Из письма Лиды от 26 апреля:
…Я гуляю, много хожу, принимаю ванны… Пока у меня все протекает буквально по медицинскому учебнику… Папа все ищет, где мне лучше рожать. Предлагает устроить меня в больницу водников.
Роднуся, в прошлом письме я надавала тебе столько поручений, что даже страшно за тебя. Тем не менее придется добавить еще. Мама просит, чтобы ты привез ей 2 пары простых чулок и папе 2 пары носок. Здесь их не достать… Для нашего будущего малыша привези соску на кольце. Нора уверяет, что ребенку с первого же дня надо дать соску. Вообще я выслушиваю теперь массу всяческих советов…
Из моего письма от 5 мая:
…30-го вечером, когда я сидел дома, особенно остро чувствуя свое одиночество, вдруг вваливаются Валька со своим неразлучным спутником Васей. Торжественно водрузили на стол свой знаменитый портфель, из которого предательски торчали два горлышка «поллитров». Я был им очень рад (не «пол-литрам», а друзьям, которые меня не забыли).
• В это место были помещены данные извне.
text \<open>The invariant of the iteration is that the columns of the upper-left block V of W_n are
linearly independent over the scalars, i.e. the flattened q^2(1+chi) x (1+chi) matrix has full
column rank, so that the rank-revealing QR step keeps all 1+chi columns. Initially, if V c = 0 then
V_alpha c = 0 for every alpha, hence X c = (X T_V) c = sum_alpha V_alpha^* X V_alpha c = 0 and c = 0 as
X is invertible. In a step V = V' R' and the next upper-left block is R' V': R' is injective because
V is, and V' is injective because its columns are orthonormal.

Only the invertibility of X enters.\<close>

lemma rank_eq_dim_col_if_trivial_kernel:
  fixes A :: "'a::field mat"
  assumes A: "A \<in> carrier_mat n nc"
    and ker: "\<And>v. v \<in> carrier_vec nc \<Longrightarrow> A *\<^sub>v v = 0\<^sub>v n \<Longrightarrow> v = 0\<^sub>v nc"
  shows "vec_space.rank n A = nc"
proof -
  interpret vec_space "TYPE('a)" n .
  have distinct: "distinct (cols A)"
  proof (rule ccontr)
    assume "\<not> distinct (cols A)"
    then obtain i j where ij: "i < nc" "j < nc" "i \<noteq> j" "col A i = col A j"
      using A by (auto simp: distinct_conv_nth)
    define v :: "'a vec" where "v = unit_vec nc i - unit_vec nc j"
    have v: "v \<in> carrier_vec nc" unfolding v_def by simp
    have "A *\<^sub>v v = 0\<^sub>v n"
    proof (rule eq_vecI)
      fix r assume "r < dim_vec (0\<^sub>v n :: 'a vec)"
      hence r: "r < n" by simp
      have "(A *\<^sub>v v) $ r = row A r \<bullet> unit_vec nc i - row A r \<bullet> unit_vec nc j"
        unfolding v_def using A r by (simp add: scalar_prod_minus_distrib[of _ nc])
      also have "\<dots> = col A i $ r - col A j $ r" using A r ij(1,2) by simp
      also have "\<dots> = 0" using ij(4) by simp
      finally show "(A *\<^sub>v v) $ r = 0\<^sub>v n $ r" using r by simp
    qed (use A in simp)
    hence "v $ i = 0" using ker[OF v] ij by simp
    thus False unfolding v_def using ij by simp
  qed
  have "lin_indpt (set (cols A))"
  proof
    assume "lin_dep (set (cols A))"
    then obtain v where "v \<in> carrier_vec nc" "v \<noteq> 0\<^sub>v nc" "A *\<^sub>v v = 0\<^sub>v n"
      using lin_depE[OF A _ distinct] by blast
    thus False using ker by blast
  qed
  thus ?thesis using lin_indpt_full_rank[OF A distinct] by blast
qed

lemma invertible_mat_mult_vec_zero_imp_zero:
  fixes X :: "'a::comm_ring_1 mat"
  assumes X: "X \<in> carrier_mat n n" and inv: "invertible_mat X"
    and v: "v \<in> carrier_vec n" and Xv: "X *\<^sub>v v = 0\<^sub>v n"
  shows "v = 0\<^sub>v n"
proof -
  obtain B where BX: "B * X = 1\<^sub>m (dim_row B)" and XB: "X * B = 1\<^sub>m (dim_row X)"
    using inv unfolding invertible_mat_def inverts_mat_def by blast
  have B: "B \<in> carrier_mat n n"
    using BX XB X by (metis carrier_matD carrier_matI index_mult_mat(2,3) index_one_mat(2,3))
  have "v = (B * X) *\<^sub>v v" using BX B v by simp
  also have "\<dots> = B *\<^sub>v (X *\<^sub>v v)" using B X v by simp
  also have "\<dots> = 0\<^sub>v n" unfolding Xv using B by (intro eq_vecI) auto
  finally show ?thesis .
qed

lemma sum_distrib_right_swap:
  "(\<Sum>d\<in>D. (\<Sum>a\<in>A. f a d) * (c d :: 'a::comm_semiring_0)) = (\<Sum>a\<in>A. \<Sum>d\<in>D. f a d * c d)"
  by (simp add: sum_distrib_right) (rule sum.swap)

lemma sum_op_inner_right:
  "(\<Sum>d\<in>D. op_inner q A (B d) * c d) =
   (\<Sum>i<q. \<Sum>j<q. cnj (A $$ (i,j)) * (\<Sum>d\<in>D. B d $$ (i,j) * c d)) / of_nat q"
  unfolding op_inner_def
  by (simp add: sum_divide_distrib[symmetric] sum_distrib_left sum_distrib_right mult.assoc
      sum.swap[of _ D])

lemma flatten_index:
  assumes V: "V \<in> carrier_mat m n" and a: "a < m" and k: "k < q" and l: "l < q"
  shows "a * (q*q) + (k*q + l) < q*q*m" (is "?r < _")
    and "j < n \<Longrightarrow> flatten q V $$ (a * (q*q) + (k*q + l), j) = V $$ (a,j) $$ (k,l)"
proof -
  have "k*q + l < (k+1)*q" using l by simp
  also have "\<dots> \<le> q*q" using k by (intro mult_le_mono1) simp
  finally have kl: "k*q + l < q*q" .
  have "?r < (a+1)*(q*q)" using kl by simp
  also have "\<dots> \<le> m*(q*q)" using a by (intro mult_le_mono1) simp
  finally have r: "?r < q*q*m" by (simp add: mult.commute)
  then show "?r < q*q*m" .
  have "?r mod q = (l + (a*q + k)*q) mod q"
    by (rule arg_cong[where f = "\<lambda>x. x mod q"]) (simp add: algebra_simps)
  also have "\<dots> = l" using l by simp
  finally have "?r mod q = l" .
  moreover assume "j < n"
  ultimately show "flatten q V $$ (?r, j) = V $$ (a,j) $$ (k,l)"
    using V r kl k l by (simp add: flatten_def)
qed

definition opmat_cols_lin_indpt :: "nat \<Rightarrow> complex mat mat \<Rightarrow> bool" where
  "opmat_cols_lin_indpt q V \<longleftrightarrow> (\<forall>c.
     (\<forall>a<dim_row V. \<forall>k<q. \<forall>l<q. (\<Sum>j<dim_col V. V $$ (a,j) $$ (k,l) * c j) = 0) \<longrightarrow>
     (\<forall>j<dim_col V. c j = 0))"

lemma opmat_cols_lin_indptI:
  assumes "\<And>c j. (\<And>a k l. a < dim_row V \<Longrightarrow> k < q \<Longrightarrow> l < q \<Longrightarrow>
      (\<Sum>j<dim_col V. V $$ (a,j) $$ (k,l) * c j) = 0) \<Longrightarrow> j < dim_col V \<Longrightarrow> c j = 0"
  shows "opmat_cols_lin_indpt q V"
  using assms unfolding opmat_cols_lin_indpt_def by blast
Оба они были уже изрядно на взводе. Валька первым делом потребовал бумаги и чернил и написал телеграмму тебе, которую ты, наверно, уже получила. Затем шумно принялся поздравлять меня с будущим сыном. Объявил также, что чувствует себя здесь значительно свободней — никто его не отчитывает за то, что он пьет, много курит. Потом вдруг сказал с настоящей грустью: «А все же здесь стало очень пусто…» Мы выпили за тебя, моя дорогая, любимая, и за нашего сына…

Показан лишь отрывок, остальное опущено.